But you know what comes with knowing there's an end of the day? That there's a new one coming. So even though I woke up at 5:00 am with a crushing sense of nausea due to yesterday's chemo, it also means it's one day closer to less nausea. Right? And one day closer to watching the last episode of Downton Abbey.
Image taken from here. Bali. One day I will travel again.
Wednesday, January 26, 2011
Last summer I visited my grandmother for a few days before and after a conference I had in Missouri in her neck of the woods. One day we bought a whole bunch of flowers and planted them in various pots and baskets all along her beautiful wrap-around porch. I still remember what joy I found in digging my hands into the soil and dirtying up my fingernails, in finding just the right spot for each pot or basket, and in watering those flowers, hoping they would thrive and provide my GranNomi with just the amount of color and life she needed in her rural hideaway. Every phone call throughout the summer would include the question: "How are the flowers doing?" Her response, every time, was that the red and white geraniums were blossoming the brightest and the best. Even with her extended time in Utah, and throughout the fall, those geraniums plugged along.
When I was diagnosed with leukemia in November, GranNomi emailed me every day. She sent me my dear Grandad's leather-bound hymnbook and sent me a hymn every day, hoping to strengthen my faith and hope. Oh how I felt both of them near me, from both sides of the veil. One day she emailed me with the news that those red and white geraniums were still blooming. And that she found great joy and blessing in the connection to her hope for my red and white blood cells.

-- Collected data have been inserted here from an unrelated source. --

lemma occ_above_obtain_last:
  assumes "occ_above sig w j v"
  obtains s where "j \<le> s" "occurs_at sig w s" "\<forall>a<length sig. v < w ! (s + a)"
    "\<forall>a<length sig. \<not> small_pos sig w (s + a)"
proof -
  let ?P = "\<lambda>s. j \<le> s \<and> occurs_at sig w s \<and> (\<forall>a<length sig. v < w ! (s + a))"
  have bound: "s \<le> length w" if "?P s" for s
    using that by (simp add: occurs_at_def)
  define s where "s = Greatest ?P"
  have "\<exists>s. ?P s"
    using assms unfolding occ_above_def by blast
  then have Ps: "?P s"
    unfolding s_def using bound by (rule GreatestI_ex_nat)
  have "\<not> small_pos sig w (s + a)" if a: "a < length sig" for a
  proof
    assume "small_pos sig w (s + a)"
    then obtain t where t: "Suc (s + a) \<le> t" "occurs_at sig w t"
      "\<forall>b<length sig. w ! (s + a) < w ! (t + b)"
      unfolding small_pos_def occ_above_def by blast
    have "v < w ! (t + b)" if "b < length sig" for b
      using Ps a t(3) that by (meson less_trans)
    moreover have "j \<le> t"
      using Ps t(1) by linarith
    ultimately have "?P t"
      using t(2) by blast
    then have "t \<le> s"
      unfolding s_def using bound by (rule Greatest_le_nat)
    with t(1) show False by simp
  qed
  with Ps that show ?thesis by blast
qed

lemma length_flip [simp]: "length (flip sig w) = length w"
  by (simp add: flip_def)

lemma nth_flip:
  "p < length w \<Longrightarrow> flip sig w ! p =
     (if small_pos sig w p then order_reverse (small_class sig w p) (w ! p) else w ! p)"
  by (simp add: flip_def)

lemma finite_small_class: "finite (small_class sig w p)"
  unfolding small_class_def by (rule finite_imageI) (rule finite_subset[of _ "{..<length w}"], auto)

lemma nth_in_small_class: "p < length w \<Longrightarrow> small_pos sig w p \<Longrightarrow> w ! p \<in> small_class sig w p"
  unfolding small_class_def by auto

lemma occ_above_small_class: "v \<in> small_class sig w p \<Longrightarrow> occ_above sig w (Suc p) v"
  unfolding small_class_def small_pos_def by auto

lemma small_class_subset: "small_class sig w p \<subseteq> set w"
  unfolding small_class_def by auto

lemma small_class_cong:
  "occ_above sig w (Suc q) = occ_above sig w (Suc p) \<Longrightarrow> small_class sig w q = small_class sig w p"
  unfolding small_class_def by simp

lemma flip_in_small_class:
  "p < length w \<Longrightarrow> small_pos sig w p \<Longrightarrow> flip sig w ! p \<in> small_class sig w p"
  by (simp add: nth_flip order_reverse_in finite_small_class nth_in_small_class)
(* Let $(\mathcal{A},\Gamma^+,\alpha)$ be a finely representable C*-dynamical system with unique complete transfer action $L$, and let $(\pi,U,H)$ be a covariant representation of $(\mathcal{A},\Gamma^+,\alpha)$. Then the formula $$(\pi\times U)\Big(\sum_{x>0}a_{-x}\delta_{-x}+a_0\delta_0+\sum_{x>0}a_x\delta_x\Big)=\sum_{x>0}U_x^*\pi(a_{-x})+\pi(a_0)+\sum_{x>0}\pi(a_x)U_x$$ (sums over $x\in\Gamma^+\setminus\{0\}$) defines a representation of the Banach $*$-algebra $l_1(\Gamma,\alpha,\mathcal{A})$ on $H$, and hence a representation of the crossed product $\mathcal{A}\rtimes_\alpha\Gamma$.
   Context: $\mathcal{A}$ is a C*-algebra with identity $1$, $\Gamma$ a totally ordered abelian group with identity $0$, $\Gamma^+=\{x\in\Gamma:0\le x\}$, and $\alpha:\Gamma^+\to\mathrm{End}(\mathcal{A})$ a semigroup homomorphism into $*$-endomorphisms ($\alpha_0=\mathrm{Id}$, $\alpha_x\circ\alpha_y=\alpha_{x+y}$). The system is finely representable if there exist a Hilbert space $H$, a faithful non-degenerate representation $\pi:\mathcal{A}\to L(H)$ and a semigroup homomorphism $U:\Gamma^+\to L(H)$ with $\pi(\alpha_x(a))=U_x\pi(a)U_x^*$, $U_x^*\pi(a)U_x\in\pi(\mathcal{A})$ and $U_x\pi(a)=\pi(\alpha_x(a))U_x$. A complete transfer action is a family $\{L_x\}_{x\in\Gamma^+}$ of continuous linear positive maps on $\mathcal{A}$ with $L_{x+y}=L_y\circ L_x$, $L_x(\alpha_x(a)b)=aL_x(b)$ and $\alpha_x(L_x(a))=\alpha_x(1)a\alpha_x(1)$; for a finely representable system it exists and is unique. $l_1(\Gamma,\alpha,\mathcal{A})$ is the set of families $\{a_g\}_{g\in\Gamma}$ in $\mathcal{A}$ with $a_x\in\mathcal{A}\alpha_x(1)$, $a_{-x}\in\alpha_x(1)\mathcal{A}$ ($x\in\Gamma^+$) and $\|a\|=\sum_g\|a_g\|<\infty$, with pointwise linear operations, involution $(a^* )_g=(a_{-g})^*$ and multiplication given for $0\le g$ by $(a\cdot b)_g=\sum_{g=x-y,\,x,y>0}a_x\alpha_{x-y}(b_{-y})+\sum_{g=y-x,\,x,y>0}L_x(a_{-x}b_y)+\sum_{g=x+y,\,x,y\ge0}a_x\alpha_x(b_y)$ and for $g<0$ by $(a\cdot b)_g=\sum_{g=x-y,\,x,y>0}\alpha_{y-x}(a_x)b_{-y}+\sum_{g=y-x,\,x,y>0}L_y(a_{-x}b_y)+\sum_{g=-x-y,\,x,y\ge0}\alpha_y(a_{-x})b_{-y}$ ($x,y\in\Gamma^+$); it is a unital Banach $*$-algebra. For $g_0\in\Gamma$ and $c\in\mathcal{A}\alpha_{g_0}(1)$ (if $g_0\ge0$) or $c\in\alpha_{-g_0}(1)\mathcal{A}$ (if $g_0<0$), $c\delta_{g_0}$ denotes the family with $c$ at index $g_0$ and $0$ elsewhere. The crossed product $\mathcal{A}\rtimes_\alpha\Gamma$ is the enveloping C*-algebra of $l_1(\Gamma,\alpha,\mathcal{A})$. A covariant representation of $(\mathcal{A},\Gamma^+,\alpha)$ is a triple $(\pi,U,H)$ with $H$ a Hilbert space, $\pi:\mathcal{A}\to L(H)$ a non-degenerate representation and $U:\Gamma^+\to L(H)$ a semigroup homomorphism such that $U_x\pi(a)U_x^*=\pi(\alpha_x(a))$ and $U_x^*\pi(a)U_x=\pi(L_x(a))$ for all $a\in\mathcal{A}$, $x\in\Gamma^+$. *)

theory Defs
  imports "HOL-Analysis.Analysis"
begin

Well my blood cell counts have risen and fallen dramatically with each injection of chemo and each neupogen shot. I've had a couple of crazy reactions to platelets and red blood cells, and then the neupogen shots, which boost my white blood cells, also cause my bones to ache. And oh how they ache. Two opposing powers.
Today I had another transfusion--two units of blood and platelets. I left for the hospital this morning at 7:30 (after yet another unfortunate barfing incident, this time safely in the bathroom!), and didn't get home until 4:30. It was a long day, with a LOT of Benadryl and steroids to prevent another reaction. So there was some good napping in there. Now my heart is pumping and my new blood is coursing through my veins. And I'm safely home, through the snow storm, watching American Idol.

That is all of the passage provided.